BlackRock, Inc. (together, with its subsidiaries, unless the context otherwise indicates, “BlackRock” or the “Company”) is a leading publicly traded investment management firm with $8.68 trillion of AUM at December 31, 2020. With approximately 16,500 employees in more than 30 countries, BlackRock provides a broad range of investment and technology services to institutional and retail clients in more than 100 countries across the globe. For further information see Note 1, Business Overview, and Note 27, Segment Information, in the notes to the consolidated financial statements contained in Part II, Item 8.

The following discussion includes a comparison of BlackRock’s results for 2020 and 2019. For a discussion of BlackRock’s results for 2018 and a comparison of results for 2019 and 2018, see Item 7, Management’s Discussion and Analysis of Financial Condition and Results of Operations, of the Company’s Annual Report on Form 10-K for the year ended December 31, 2019, which was filed with the SEC on February 28, 2020.

On May 15, 2020, a subsidiary of The PNC Financial Services Group, Inc. (“PNC”) completed the secondary offering of 31,628,573 shares of the Company’s common stock at a price of $420 per share, which included 823,188 shares of common stock issued upon the conversion of the Company’s Series B Convertible Participating Preferred Stock and 2,875,325 shares of common stock under the fully exercised underwriters’ option to purchase additional shares. Also on May 15, 2020, PNC completed the sale of 2,650,857 shares to the Company at a price of $414.96 per share. The shares repurchased by the Company were in addition to the share repurchase authorization under the Company’s existing share repurchase program. The secondary offering and the Company’s share repurchase resulted in PNC’s exit of its entire ownership position in the Company.

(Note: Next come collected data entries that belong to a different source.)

(* Let $\tilde{\boldsymbol\Gamma}^\omega$ denote the fundamental solution $\boldsymbol\Gamma^\omega$ with the parameters $(\lambda,\mu,\rho)$ replaced by $(\tilde\lambda,\tilde\mu,\tilde\rho)=(\lambda/\delta,\mu/\delta,\rho/\epsilon)$, and let $\tau=\sqrt{\delta/\epsilon}$. Then as $\omega\to0^+$, $$\tilde{\boldsymbol\Gamma}^\omega(\mathbf{x})=\delta\boldsymbol\Gamma(\mathbf{x})+\delta\gamma_{\tau\omega}\mathbf{I}_2+\delta\omega^2\ln\omega\,\rho\tau^2\boldsymbol\Gamma_1(\mathbf{x})+\delta\omega^2\rho\tau^2\ln(\sqrt\rho\tau)\boldsymbol\Gamma_1(\mathbf{x})+\delta\omega^2\rho\tau^2\boldsymbol\Gamma_2(\mathbf{x})+\mathcal{O}(\delta\tau^4\omega^4\ln\omega+\delta\tau^4\omega^4),$$ where $\gamma_{\tau\omega}=\alpha_1\ln(\sqrt\rho\tau\omega)+\alpha$.
   Context: Lamé constants $\lambda,\mu$, density $\rho>0$, $\delta,\epsilon>0$. For parameters $(\lambda,\mu,\rho)$, $c_s=\sqrt{\mu/\rho}$, $c_p=\sqrt{(\lambda+2\mu)/\rho}$, $k_s=\omega/c_s$, $k_p=\omega/c_p$, and $\boldsymbol\Gamma^\omega(\mathbf{x})=-\frac{\mathrm{i}}{4\mu}H_0^{(1)}(k_s|\mathbf{x}|)\mathbf{I}_2+\frac{\mathrm{i}}{4\omega^2\rho}\nabla\nabla\big(H_0^{(1)}(k_p|\mathbf{x}|)-H_0^{(1)}(k_s|\mathbf{x}|)\big)$. $\boldsymbol\Gamma(\mathbf{x})=\alpha_1\ln|\mathbf{x}|\mathbf{I}_2-\alpha_2\frac{\mathbf{x}\mathbf{x}^T}{|\mathbf{x}|^2}$, $\alpha_1=\frac1{4\pi}(\frac1\mu+\frac1{2\mu+\lambda})$, $\alpha_2=\frac1{4\pi}(\frac1\mu-\frac1{2\mu+\lambda})$; $E_c=2\gamma-\mathrm{i}\pi-2\ln2$; $\alpha=\frac{\alpha_1}2E_c+\frac{\alpha_2}2-\frac1{8\pi}(\frac1\mu\ln\mu+\frac1{2\mu+\lambda}\ln(2\mu+\lambda))$. $\boldsymbol\Gamma_1(\mathbf{x})=\beta_2|\mathbf{x}|^2\mathbf{I}_2+\beta_3\mathbf{x}\mathbf{x}^T$, $\boldsymbol\Gamma_2(\mathbf{x})=\beta_1|\mathbf{x}|^2\mathbf{I}_2+\beta_2\ln|\mathbf{x}||\mathbf{x}|^2\mathbf{I}_2+\beta_3\ln|\mathbf{x}|\mathbf{x}\mathbf{x}^T+\beta_4\mathbf{x}\mathbf{x}^T$ with $\beta_2=-\frac1{2^5\pi}(\frac3{\mu^2}+\frac1{(2\mu+\lambda)^2})$, $\beta_3=\frac1{2^4\pi}(\frac1{\mu^2}-\frac1{(2\mu+\lambda)^2})$, $\beta_1=(\frac12E_c-1)\beta_2-\frac18\beta_3+\frac1{2^6\pi}(\frac3{\mu^2}\ln\mu+\frac{\ln(2\mu+\lambda)}{(2\mu+\lambda)^2})$, $\beta_4=\frac14(2E_c-3)\beta_3-\frac1{2^5\pi}(\frac{\ln\mu}{\mu^2}-\frac{\ln(2\mu+\lambda)}{(2\mu+\lambda)^2})$ (all with the unscaled $\lambda,\mu$). *)

theory Defs
  imports "HOL-Analysis.Analysis"
begin

definition bessel_J0 :: "real \<Rightarrow> real" where
  "bessel_J0 z = (\<Sum>k. (-1) ^ k * (z / 2) ^ (2 * k) / (fact k) ^ 2)"

definition bessel_Y0 :: "real \<Rightarrow> real" where
  "bessel_Y0 z = (2 / pi) * (ln (z / 2) + euler_mascheroni) * bessel_J0 z
     + (2 / pi) * (\<Sum>k. (-1) ^ (k + 2) * harm (k + 1) * (z / 2) ^ (2 * (k + 1)) / (fact (k + 1)) ^ 2)"

definition hankel1_0 :: "real \<Rightarrow> complex" where
  "hankel1_0 z = Complex (bessel_J0 z) (bessel_Y0 z)"

definition partial_deriv :: "2 \<Rightarrow> (real^2 \<Rightarrow> complex) \<Rightarrow> real^2 \<Rightarrow> complex" where
  "partial_deriv i g x = vector_derivative (\<lambda>t. g (x + t *\<^sub>R axis i 1)) (at 0)"

definition hessian :: "(real^2 \<Rightarrow> complex) \<Rightarrow> real^2 \<Rightarrow> complex^2^2" where
  "hessian g x = (\<chi> i j. partial_deriv i (partial_deriv j g) x)"

definition Gamma_omega :: "real \<Rightarrow> real \<Rightarrow> real \<Rightarrow> real \<Rightarrow> real^2 \<Rightarrow> complex^2^2" where
  "Gamma_omega lam mu rho \<omega> x =
     (let cs = sqrt (mu / rho); cp = sqrt ((lam + 2 * mu) / rho);
          ks = \<omega> / cs; kp = \<omega> / cp;
          H = hessian (\<lambda>y. hankel1_0 (kp * norm y) - hankel1_0 (ks * norm y)) x
      in (\<chi> i j. - (\<i> / (4 * complex_of_real mu)) * hankel1_0 (ks * norm x) * (if i = j then 1 else 0)
                  + \<i> / (4 * complex_of_real (\<omega>^2 * rho)) * H $ i $ j))"

definition alpha1 :: "real \<Rightarrow> real \<Rightarrow> real" where
  "alpha1 lam mu = 1 / (4 * pi) * (1 / mu + 1 / (2 * mu + lam))"

definition alpha2 :: "real \<Rightarrow> real \<Rightarrow> real" where
  "alpha2 lam mu = 1 / (4 * pi) * (1 / mu - 1 / (2 * mu + lam))"

definition E_c :: complex where
  "E_c = 2 * euler_mascheroni - \<i> * pi - 2 * ln 2"

definition alpha_const :: "real \<Rightarrow> real \<Rightarrow> complex" where
  "alpha_const lam mu = alpha1 lam mu / 2 * E_c + alpha2 lam mu / 2
     - 1 / (8 * pi) * (1 / mu * ln mu + 1 / (2 * mu + lam) * ln (2 * mu + lam))"

definition Gamma0 :: "real \<Rightarrow> real \<Rightarrow> real^2 \<Rightarrow> complex^2^2" where
  "Gamma0 lam mu x = (\<chi> i j. complex_of_real
     (alpha1 lam mu * ln (norm x) * (if i = j then 1 else 0)
      - alpha2 lam mu * (x $ i * x $ j) / (norm x)^2))"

Certain prior period presentations and disclosures, while not required to be recast, were reclassified to ensure comparability with current period classifications.

 

33


 

United Kingdom Exit from European Union

 

On December 31, 2020, the United Kingdom (“UK”) left the European Union (“EU”), and the UK and EU reverted to being distinct regulatory, legal and customs territories. Although an “EU-UK Trade and Cooperation Agreement” was agreed to in connection with the UK’s departure from the EU, it does not include any substantive provisions with respect to financial services. As a result, from January 1, 2021, cross-border financial services trade between the UK and the EU will be governed by their respective financial services regulations and market access regimes. BlackRock has implemented a number of steps to prepare for this outcome. These steps, which are and have been time consuming and costly and may add complexity to BlackRock’s future European operations, include effecting organizational, governance and operational changes, applying for and receiving additional licenses and permissions in the EU, and engaging in client communications. In addition, depending on how the future relationship between the UK and the EU develops, BlackRock may experience further organizational and operational challenges and incur additional costs in connection with its European operations, particularly with regards to delegation and outsourcing, which may impede the Company’s growth or impact its financial performance.

 

Other Development

On February 13, 2020, BlackRock announced the establishment of The BlackRock Foundation (the “Foundation”) and the contribution of its remaining 20% stake in PennyMac Financial Services, Inc. (“PennyMac”) to the Foundation and the BlackRock Charitable Fund, which BlackRock established in 2013 (together, the “Charitable Contribution”). The Charitable Contribution resulted in an operating expense of $589 million, which was offset by a $122 million noncash, nonoperating pre-tax gain on the contributed shares and a tax benefit of $241 million in the consolidated statement of income for the year ended December 31, 2020. The Charitable Contribution provides long-term funding for BlackRock’s philanthropic investments and partnerships. The general and administration expense, nonoperating gain and associated tax benefit related to the Charitable Contribution have been excluded from as adjusted results.

Business Outlook

BlackRock's framework for long-term value creation is predicated on generating differentiated organic growth, leveraging scale to increase operating margins over time, and returning capital to shareholders on a consistent basis. BlackRock's diversified platform, in terms of style, product, client and geography, enables it to generate more stable cash flows through market cycles, positioning BlackRock to invest for the long-term by striking an appropriate balance between investing for future growth and prudent discretionary expense management.

 

The COVID-19 pandemic continues to result in governmental authorities taking numerous measures to contain the spread and impact of COVID-19, such as travel bans and restrictions, quarantines, shelter in place orders, and limitations on business activity, including closures. These measures may continue to, among other things, severely restrict global economic activity, which can disrupt supply chains, lower asset valuations, significantly increase unemployment and underemployment levels, decrease liquidity in markets for certain securities and cause significant volatility and disruption in the financial markets.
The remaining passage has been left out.